Assignment: Search the records for the word "emeasure" and copy each line in which it appears.

Records for the task:
(* Let $\mathfrak S=(\mathcal S,\mathcal U,T_{\mathfrak s})$ be a controlled Markov process, let $\mathcal P=\langle B_1,\dots,B_\ell\rangle$ be a partition of $\mathcal S$ into measurable sets, and let $\rho$ be any stationary control policy. Let $W:=\mathsf{WinDom}(\mathfrak S,\rho)=\{s\in\mathcal S\mid P_s^{\rho}(\mathfrak S\models \mathit{Parity}(\mathcal P))=1\}$. Then for every $s\in\mathcal S$: $P_s^{\rho}(\mathfrak S\models \mathit{Parity}(\mathcal P))=1$ if $s\in W$, and $P_s^{\rho}(\mathfrak S\models \mathit{Parity}(\mathcal P))\ge P_s^{\rho}(\mathfrak S\models \lozenge W)$ if $s\notin W$.
   Context: A controlled Markov process (CMP) is a tuple $\mathfrak S=(\mathcal S,\mathcal U,T_{\mathfrak s})$ where $\mathcal S$ is a Borel space (with its Borel $\sigma$-algebra $\mathcal B(\mathcal S)$), $\mathcal U$ is a finite set of inputs, and $T_{\mathfrak s}$ is a stochastic kernel assigning to each $s\in\mathcal S$, $u\in\mathcal U$ a probability measure $T_{\mathfrak s}(\cdot\mid s,u)$ on $(\mathcal S,\mathcal B(\mathcal S))$. A stationary control policy is a universally measurable map $\rho:\mathcal S\to\mathcal U$. For $s\in\mathcal S$, $P_s^\rho$ denotes the unique probability measure on infinite paths $(s^0,s^1,\dots)\in\mathcal S^\omega$ with $s^0=s$ and $s^{k+1}$ distributed according to $T_{\mathfrak s}(\cdot\mid s^k,\rho(s^k))$. Given the partition $\mathcal P=\langle B_1,\dots,B_\ell\rangle$ of $\mathcal S$ (some $B_i$ may be empty; $i$ is the priority of $B_i$), an infinite path satisfies $\mathit{Parity}(\mathcal P)$ iff for every odd $i\in\{1,\dots,\ell\}$, if the path visits $B_i$ infinitely often then it visits $B_j$ infinitely often for some even $j\in\{i+1,\dots,\ell\}$; $(\mathfrak S\models\mathit{Parity}(\mathcal P))$ denotes the set of such paths. For $W\subseteq\mathcal S$, $(\mathfrak S\models\lozenge W)$ is the set of paths $(s^0,s^1,\dots)$ with $s^n\in W$ for some $n\in\mathbb N$. *)

theory Defs
  imports "HOL-Probability.Probability"
begin

definition cmp :: "('s::polish_space \<Rightarrow> 'u::finite \<Rightarrow> 's measure) \<Rightarrow> bool" where
  "cmp T \<longleftrightarrow>
     (\<forall>s u. prob_space (T s u) \<and> sets (T s u) = sets (borel :: 's measure)) \<and>
     (\<forall>u A. A \<in> sets (borel :: 's measure) \<longrightarrow> (\<lambda>s. emeasure (T s u) A) \<in> borel_measurable borel)"

definition univ_measurable :: "('s::topological_space \<Rightarrow> 'u) \<Rightarrow> bool" where
  "univ_measurable f \<longleftrightarrow>
     (\<forall>\<mu>::'s measure. prob_space \<mu> \<and> sets \<mu> = sets borel \<longrightarrow>
        f \<in> measurable (completion \<mu>) (count_space UNIV))"

text \<open>P s is the path measure P_s^rho: a probability measure on infinite paths
(streams, Borel product sigma-algebra), starting in s, with successor states
distributed according to T(.|s, rho s) (Markov property).  This fixpoint
equation determines the family uniquely (it fixes all cylinder probabilities).\<close>
definition path_measure ::
  "('s::polish_space \<Rightarrow> 'u \<Rightarrow> 's measure) \<Rightarrow> ('s \<Rightarrow> 'u) \<Rightarrow> ('s \<Rightarrow> 's stream measure) \<Rightarrow> bool" where
  "path_measure T \<rho> P \<longleftrightarrow>
     (\<forall>s. prob_space (P s) \<and> sets (P s) = sets (stream_space (borel :: 's measure)) \<and>
        (\<forall>X \<in> sets (stream_space (borel :: 's measure)).
           emeasure (P s) X =
             (\<integral>\<^sup>+ s'. emeasure (P s') {\<omega>. s ## \<omega> \<in> X} \<partial>completion (T s (\<rho> s)))))"

text \<open>B 1, ..., B l is a partition of the state space into measurable sets
(empty blocks allowed).\<close>
definition measurable_partition :: "(nat \<Rightarrow> 's::topological_space set) \<Rightarrow> nat \<Rightarrow> bool" where
  "measurable_partition B l \<longleftrightarrow>
     (\<forall>i\<in>{1..l}. B i \<in> sets borel) \<and>
     (\<forall>i\<in>{1..l}. \<forall>j\<in>{1..l}. i \<noteq> j \<longrightarrow> B i \<inter> B j = {}) \<and>
     (\<Union>i\<in>{1..l}. B i) = UNIV"

definition Parity :: "(nat \<Rightarrow> 's set) \<Rightarrow> nat \<Rightarrow> 's stream set" where
  "Parity B l = {\<omega>. \<forall>i\<in>{1..l}. odd i \<and> (\<exists>\<^sub>\<infinity>n. \<omega> !! n \<in> B i) \<longrightarrow>
                    (\<exists>j\<in>{i+1..l}. even j \<and> (\<exists>\<^sub>\<infinity>n. \<omega> !! n \<in> B j))}"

Response to this task:
     (\<forall>u A. A \<in> sets (borel :: 's measure) \<longrightarrow> (\<lambda>s. emeasure (T s u) A) \<in> borel_measurable borel)"
           emeasure (P s) X =
             (\<integral>\<^sup>+ s'. emeasure (P s') {\<omega>. s ## \<omega> \<in> X} \<partial>completion (T s (\<rho> s)))))"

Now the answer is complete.